Its possible to specify in which http method should the hook executed by specify http method on the request hook parameter

import { Entity, PrimaryGeneratedColumn } from "typeorm"
import { route, preSave } from "plumier"
import bcrypt from "bcrypt"
@route.controller()
@Entity()
class User {
/** other properties **/
@preSave("put", "patch")
async hook(){
// this only executed on PUT and PATCH http method before entity saved
}
@postSave("put", "patch")
async postHook(){
// this only executed on PUT and PATCH http method after entity saved
}
}

Use Custom Generic Controller#

When the default generic controller doesn't match your need, you can provide your own custom generic controllers. For example the default generic controller for DELETE method is delete the records permanently. You can override this function by provide a new generic controller inherited from your ORM/ODM helper:

Generic ControllerPackageDescription
TypeORMControllerGeneric<T, TID>@plumier/typeormTypeORM generic controller implementation
TypeORMOneToManyControllerGeneric<P, T, PID, TID>@plumier/typeormTypeORM One To Many generic controller implementation
MongooseControllerGeneric<T, TID>@plumier/mongooseMongoose generic controller implementation
MongooseOneToManyControllerGeneric<P, T, PID, TID>@plumier/mongooseMongoose One To Many generic controller implementation

Then create a new generic controller for both based on any of above generic controller like below

import {TypeORMControllerGeneric, TypeORMOneToManyControllerGeneric} from "@plumier/typeorm"
@generic.template("T", "TID")
@generic.type("T", "TID")
export class CustomControllerGeneric<T, TID> extends TypeORMControllerGeneric<T, TID> {
delete(id: TID, ctx: Context) {
return this.modify(id, { deleted: true } as any, ctx)
}
}
@generic.template("P", "T", "PID", "TID")
@generic.type("P", "T", "PID", "TID")
export class CustomOneToManyControllerGeneric<P, T, PID, TID> extends TypeORMOneToManyControllerGeneric<P, T, PID, TID>{
delete(pid: PID, id: TID, ctx: Context) {
return this.modify(pid, id, { deleted: true } as any, ctx)
}
}

Above is example of custom generic controllers for TypeORM, we simply used the modify method of the generic controller to flag deleted property of the entity as true.

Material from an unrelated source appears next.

(* Let $C$ be an $[n,k]$ code over $\mathbb{F}_q$ with $C^\perp\neq\{\bm 0\}$ and $d^\perp:=d(C^\perp)\ge 3$, and suppose that it is not the case that both $q=2^m$ for some $m\ge 2$ and $d^\perp>4$. If $C$ is monomially equivalent to a dual Hamming code, or if $q=2$, $k=n-1$ and $d^\perp=n$ is odd, then $\gamma(C)=k-d^\perp+3$. Otherwise $\gamma(C)\le k-d^\perp+2$.
   Context: An $[n,k]$ code over $\mathbb{F}_q$ is a $k$-dimensional subspace $C\subseteq\mathbb{F}_q^n$; write $E=\{1,\dots,n\}$. For $\bm{x}\in\mathbb{F}_q^n$, $\mathrm{supp}(\bm{x})=\{i: x_i\neq 0\}$ and the weight is $|\mathrm{supp}(\bm{x})|$; for $B\subseteq\mathbb{F}_q^n$, $\mathrm{Supp}(B)=\bigcup_{\bm{x}\in B}\mathrm{supp}(\bm{x})$. $C^\perp$ is the dual code with respect to the standard inner product and $d(C^\perp)$ is the minimum weight of a nonzero codeword of $C^\perp$. The covering dimension is $\gamma(C)=\infty$ if $\mathrm{Supp}(C)\neq E$, and otherwise $\gamma(C)$ is the least positive integer $r$ such that $C$ has an $r$-dimensional subspace $D$ with $\mathrm{Supp}(D)=E$. A dual Hamming code is an $[(q^k-1)/(q-1),k]$ code over $\mathbb{F}_q$ with a generator matrix whose columns consist of exactly one nonzero vector from each one-dimensional subspace of $\mathbb{F}_q^k$. Two codes are monomially equivalent if one is obtained from the other by permuting coordinates and multiplying coordinates by nonzero scalars. *)

theory Defs
  imports "HOL-Analysis.Analysis" "HOL-Library.Extended_Nat"
begin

Note that the @generic.template() and @generic.type() is required by the reflection library.

Next, we need to register above custom generic controller on the Plumier application like below

new Plumier()
.set(new WebApiFacility())
.set(new TypeORMFacility())
.set({
genericController: [CustomControllerGeneric, CustomOneToManyControllerGeneric]
})

Make sure you register the controller under the TypeORMFacility or MongooseFacility to take effect.